Task item:
When you reach the line containing "foldl delta x", stop after it; until then, copy each line of the listing exactly, starting with the first.

Information shown:
□ □ □ □

(* Let $(X,\delta,c)$ be an accepting automaton over $\Sigma$ such that the smallest Boolean subalgebra of $P(X)$ containing $\langle c\rangle$ is $P(X)$ itself. Then $\mathsf{cofree}(X,\delta)$ can be entirely embedded in $\mu\mathrm{PL}(\delta,c)$: every language belonging to $\mathsf{cofree}(X,\delta)$ is the language $L(\mathcal{U})$ of some state $\mathcal{U}$ of $\mu\mathrm{PL}(\delta,c)$.
   Context: $\Sigma$ is a finite alphabet, $\Sigma^\ast$ the free monoid with empty word $\epsilon$, $u^r$ the reversal of $u$. An accepting automaton is $(X,\delta,c)$ with $\delta:X\to X^\Sigma$ (extended to words by $\delta(x)(\epsilon)=x$, $\delta(x)(wa)=\delta(\delta(x)(w))(a)$) and $c\subseteq X$; for $x\in X$, $U\subseteq X$, $L(x,U)=\{u\mid\delta(x)(u)\in U\}$. $\mathsf{cofree}(X,\delta)$ is the smallest set of coequations satisfied by $(X,\delta)$: the least subautomaton of the final automaton of languages ($2^{\Sigma^\ast}$ with derivative transitions $V\mapsto\{w\mid aw\in V\}$ and final states $\{V\mid\epsilon\in V\}$) containing all languages $L(x,U)$ with $x\in X$, $U\subseteq X$. Define $\widehat{\delta}(U)(a)=\{x\mid\delta(x)(a)\in U\}$ for $U\subseteq X$, extended to words, so $\widehat{\delta}(U)(w)=\{x\mid\delta(x)(w^r)\in U\}$. Let $\langle c\rangle=\{\widehat{\delta}(c)(w)\mid w\in\Sigma^\ast\}$ and $u\approx v$ iff $\widehat{\delta}(U)(u)=\widehat{\delta}(U)(v)$ for all $U\in\langle c\rangle$. $\mu\mathrm{PL}(\delta,c)$ has state space $P(\Sigma^\ast/{\approx})$, transition $\widehat{\sigma}(\mathcal{U})(u)=\{[w]\mid[wu^r]\in\mathcal{U}\}$ and final states $\{\mathcal{U}\mid[\epsilon]\in\mathcal{U}\}$; $L(\mathcal{U})=\{u\mid[\epsilon]\in\widehat{\sigma}(\mathcal{U})(u)\}$. *)

theory Defs
  imports Main
begin

definition dstar :: "('s \<Rightarrow> 'a \<Rightarrow> 's) \<Rightarrow> 's \<Rightarrow> 'a list \<Rightarrow> 's" where
  "dstar delta x w = foldl delta x w"

definition Lang :: "('s \<Rightarrow> 'a \<Rightarrow> 's) \<Rightarrow> 's \<Rightarrow> 's set \<Rightarrow> 'a list set" where
  "Lang delta x U = {u. dstar delta x u \<in> U}"

definition lderiv :: "'a \<Rightarrow> 'a list set \<Rightarrow> 'a list set" where
  "lderiv a V = {w. a # w \<in> V}"

text \<open>cofree(X,delta): the least subautomaton of the final automaton of languages
  containing all L(x,U).\<close>
inductive_set cofree :: "('s \<Rightarrow> 'a \<Rightarrow> 's) \<Rightarrow> 'a list set set"
  for delta :: "'s \<Rightarrow> 'a \<Rightarrow> 's" where
  gen: "Lang delta x U \<in> cofree delta"
| der: "V \<in> cofree delta \<Longrightarrow> lderiv a V \<in> cofree delta"

definition hatd :: "('s \<Rightarrow> 'a \<Rightarrow> 's) \<Rightarrow> 's set \<Rightarrow> 'a list \<Rightarrow> 's set" where
  "hatd delta U w = {x. dstar delta x (rev w) \<in> U}"

definition gen_c :: "('s \<Rightarrow> 'a \<Rightarrow> 's) \<Rightarrow> 's set \<Rightarrow> 's set set" where
  "gen_c delta c = {hatd delta c w | w. True}"

inductive_set bool_closure :: "'s set set \<Rightarrow> 's set set" for G :: "'s set set" where
  base: "U \<in> G \<Longrightarrow> U \<in> bool_closure G"
| empty: "{} \<in> bool_closure G"
| compl: "U \<in> bool_closure G \<Longrightarrow> - U \<in> bool_closure G"
| union: "U \<in> bool_closure G \<Longrightarrow> V \<in> bool_closure G \<Longrightarrow> U \<union> V \<in> bool_closure G"

definition approx :: "('s \<Rightarrow> 'a \<Rightarrow> 's) \<Rightarrow> 's set \<Rightarrow> 'a list \<Rightarrow> 'a list \<Rightarrow> bool" where
  "approx delta c u v \<longleftrightarrow> (\<forall>U \<in> gen_c delta c. hatd delta U u = hatd delta U v)"

definition cls :: "('s \<Rightarrow> 'a \<Rightarrow> 's) \<Rightarrow> 's set \<Rightarrow> 'a list \<Rightarrow> 'a list set" where
  "cls delta c w = {v. approx delta c w v}"

definition classes :: "('s \<Rightarrow> 'a \<Rightarrow> 's) \<Rightarrow> 's set \<Rightarrow> 'a list set set" where
  "classes delta c = range (cls delta c)"

text \<open>States of muPL(delta,c) are subsets of classes delta c.
  hat sigma(\<U>)(u) = {[w] | [w u^r] \<in> \<U>}\<close>
definition hsig :: "('s \<Rightarrow> 'a \<Rightarrow> 's) \<Rightarrow> 's set \<Rightarrow> 'a list set set \<Rightarrow> 'a list \<Rightarrow> 'a list set set" where
  "hsig delta c \<U> u = {cls delta c w | w. cls delta c (w @ rev u) \<in> \<U>}"

definition PL_lang :: "('s \<Rightarrow> 'a \<Rightarrow> 's) \<Rightarrow> 's set \<Rightarrow> 'a list set set \<Rightarrow> 'a list set" where
  "PL_lang delta c \<U> = {u. cls delta c [] \<in> hsig delta c \<U> u}"

end

theory Submission
  imports Defs
begin

text \<open>When the Boolean closure of \<open>\<langle>c\<rangle>\<close> is all of \<open>P(X)\<close> it contains every singleton, so
  \<open>u \<approx> v\<close> holds exactly when \<open>u\<^sup>r\<close> and \<open>v\<^sup>r\<close> act on \<open>X\<close> as the same transformation.
  Every language of \<open>cofree(X,\<delta>)\<close> is saturated by this transition congruence, because the
  generators \<open>L(x,U)\<close> are and derivatives preserve it. Hence such a language \<open>L\<close> is the
  language of the state \<open>{[u\<^sup>r] | u \<in> L}\<close> of \<open>\<mu>PL(\<delta>,c)\<close>.\<close>

lemma dstar_append: "dstar d x (u @ v) = dstar d (dstar d x u) v"
  by (simp add: dstar_def)

lemma dstar_Cons: "dstar d x (a # u) = dstar d (d x a) u"
  by (simp add: dstar_def)

lemma bool_closure_preimage_eq:
  assumes "U \<in> bool_closure G"
    and "\<And>V. V \<in> G \<Longrightarrow> {x. f x \<in> V} = {x. g x \<in> V}"
  shows "{x. f x \<in> U} = {x. g x \<in> U}"
  using assms(1) by induction (use assms(2) in blast)+

lemma cls_eq_iff_approx: "cls d c u = cls d c v \<longleftrightarrow> approx d c u v"
proof
  assume "cls d c u = cls d c v"
  then have "v \<in> cls d c u"
    by (simp add: cls_def approx_def)
  then show "approx d c u v"
    by (simp add: cls_def)
qed (auto simp: cls_def approx_def)

lemma approx_iff_dstar_rev_eq:
  assumes "bool_closure (gen_c d c) = UNIV"
  shows "approx d c u v \<longleftrightarrow> (\<forall>x. dstar d x (rev u) = dstar d x (rev v))"
proof
  assume "approx d c u v"
  have preimage_eq: "{y. dstar d y (rev u) \<in> U} = {y. dstar d y (rev v) \<in> U}"
    if "U \<in> bool_closure (gen_c d c)" for U
    using that
  proof (rule bool_closure_preimage_eq)
    fix V assume "V \<in> gen_c d c"
    with \<open>approx d c u v\<close> have "hatd d V u = hatd d V v"
      unfolding approx_def by blast
    then show "{y. dstar d y (rev u) \<in> V} = {y. dstar d y (rev v) \<in> V}"
      unfolding hatd_def .
  qed
  show "\<forall>x. dstar d x (rev u) = dstar d x (rev v)"
  proof
    fix x
    have "{dstar d x (rev u)} \<in> bool_closure (gen_c d c)"
      using assms by simp
    from eqset_imp_iff[OF preimage_eq[OF this], of x]
    show "dstar d x (rev u) = dstar d x (rev v)"
      by simp
  qed
qed (simp add: approx_def hatd_def)

lemma cofree_dstar_saturated:
  assumes "L \<in> cofree d" and "\<And>x. dstar d x u = dstar d x v"
  shows "u \<in> L \<longleftrightarrow> v \<in> L"
  using assms
proof (induction arbitrary: u v)
  case (gen x U)
  then show ?case
    unfolding Lang_def by simp
next
  case (der V a)
  have "dstar d x (a # u) = dstar d x (a # v)" for x
    unfolding dstar_Cons by (rule der.prems)
  then have "a # u \<in> V \<longleftrightarrow> a # v \<in> V"
    by (rule der.IH)
  then show ?case
    unfolding lderiv_def by simp
qed

lemma PL_lang_cls_rev:
  assumes closure: "bool_closure (gen_c d c) = UNIV"
    and saturated: "\<And>u v. (\<And>x. dstar d x u = dstar d x v) \<Longrightarrow> u \<in> L \<longleftrightarrow> v \<in> L"
  shows "PL_lang d c {cls d c (rev u) | u. u \<in> L} = L"
proof
  show "L \<subseteq> PL_lang d c {cls d c (rev u) | u. u \<in> L}"
    unfolding PL_lang_def hsig_def by fastforce
next
  show "PL_lang d c {cls d c (rev u) | u. u \<in> L} \<subseteq> L"
  proof
    fix u assume "u \<in> PL_lang d c {cls d c (rev u) | u. u \<in> L}"
    then obtain w u' where "cls d c [] = cls d c w" "cls d c (w @ rev u) = cls d c (rev u')"
      and "u' \<in> L"
      unfolding PL_lang_def hsig_def by blast
    then have "\<forall>x. dstar d x (rev w) = dstar d x []"
      and "\<forall>x. dstar d x (rev (w @ rev u)) = dstar d x u'"
      by (simp_all add: cls_eq_iff_approx approx_iff_dstar_rev_eq[OF closure])
    then have "dstar d x u = dstar d x u'" for x
      by (simp add: dstar_append) (simp add: dstar_def)
    then have "u \<in> L \<longleftrightarrow> u' \<in> L"
      by (rule saturated)
    with \<open>u' \<in> L\<close> show "u \<in> L"
      by simp
  qed
qed

theorem mainTheorem9:
  fixes delta :: "'s \<Rightarrow> 'a::finite \<Rightarrow> 's" and c :: "'s set"
  assumes "bool_closure (gen_c delta c) = UNIV"
  shows "\<forall>L \<in> cofree delta. \<exists>\<U>. \<U> \<subseteq> classes delta c \<and> L = PL_lang delta c \<U>"
proof
  fix L assume "L \<in> cofree delta"
  then have "L = PL_lang delta c {cls delta c (rev u) | u. u \<in> L}"
    by (intro PL_lang_cls_rev[OF assms, symmetric] cofree_dstar_saturated)
  moreover have "{cls delta c (rev u) | u. u \<in> L} \<subseteq> classes delta c"
    by (auto simp: classes_def)
  ultimately show "\<exists>\<U>. \<U> \<subseteq> classes delta c \<and> L = PL_lang delta c \<U>"
    by blast
qed

end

□ □ □ □

Output for this task:
(* Let $(X,\delta,c)$ be an accepting automaton over $\Sigma$ such that the smallest Boolean subalgebra of $P(X)$ containing $\langle c\rangle$ is $P(X)$ itself. Then $\mathsf{cofree}(X,\delta)$ can be entirely embedded in $\mu\mathrm{PL}(\delta,c)$: every language belonging to $\mathsf{cofree}(X,\delta)$ is the language $L(\mathcal{U})$ of some state $\mathcal{U}$ of $\mu\mathrm{PL}(\delta,c)$.
   Context: $\Sigma$ is a finite alphabet, $\Sigma^\ast$ the free monoid with empty word $\epsilon$, $u^r$ the reversal of $u$. An accepting automaton is $(X,\delta,c)$ with $\delta:X\to X^\Sigma$ (extended to words by $\delta(x)(\epsilon)=x$, $\delta(x)(wa)=\delta(\delta(x)(w))(a)$) and $c\subseteq X$; for $x\in X$, $U\subseteq X$, $L(x,U)=\{u\mid\delta(x)(u)\in U\}$. $\mathsf{cofree}(X,\delta)$ is the smallest set of coequations satisfied by $(X,\delta)$: the least subautomaton of the final automaton of languages ($2^{\Sigma^\ast}$ with derivative transitions $V\mapsto\{w\mid aw\in V\}$ and final states $\{V\mid\epsilon\in V\}$) containing all languages $L(x,U)$ with $x\in X$, $U\subseteq X$. Define $\widehat{\delta}(U)(a)=\{x\mid\delta(x)(a)\in U\}$ for $U\subseteq X$, extended to words, so $\widehat{\delta}(U)(w)=\{x\mid\delta(x)(w^r)\in U\}$. Let $\langle c\rangle=\{\widehat{\delta}(c)(w)\mid w\in\Sigma^\ast\}$ and $u\approx v$ iff $\widehat{\delta}(U)(u)=\widehat{\delta}(U)(v)$ for all $U\in\langle c\rangle$. $\mu\mathrm{PL}(\delta,c)$ has state space $P(\Sigma^\ast/{\approx})$, transition $\widehat{\sigma}(\mathcal{U})(u)=\{[w]\mid[wu^r]\in\mathcal{U}\}$ and final states $\{\mathcal{U}\mid[\epsilon]\in\mathcal{U}\}$; $L(\mathcal{U})=\{u\mid[\epsilon]\in\widehat{\sigma}(\mathcal{U})(u)\}$. *)

theory Defs
  imports Main
begin

definition dstar :: "('s \<Rightarrow> 'a \<Rightarrow> 's) \<Rightarrow> 's \<Rightarrow> 'a list \<Rightarrow> 's" where
  "dstar delta x w = foldl delta x w"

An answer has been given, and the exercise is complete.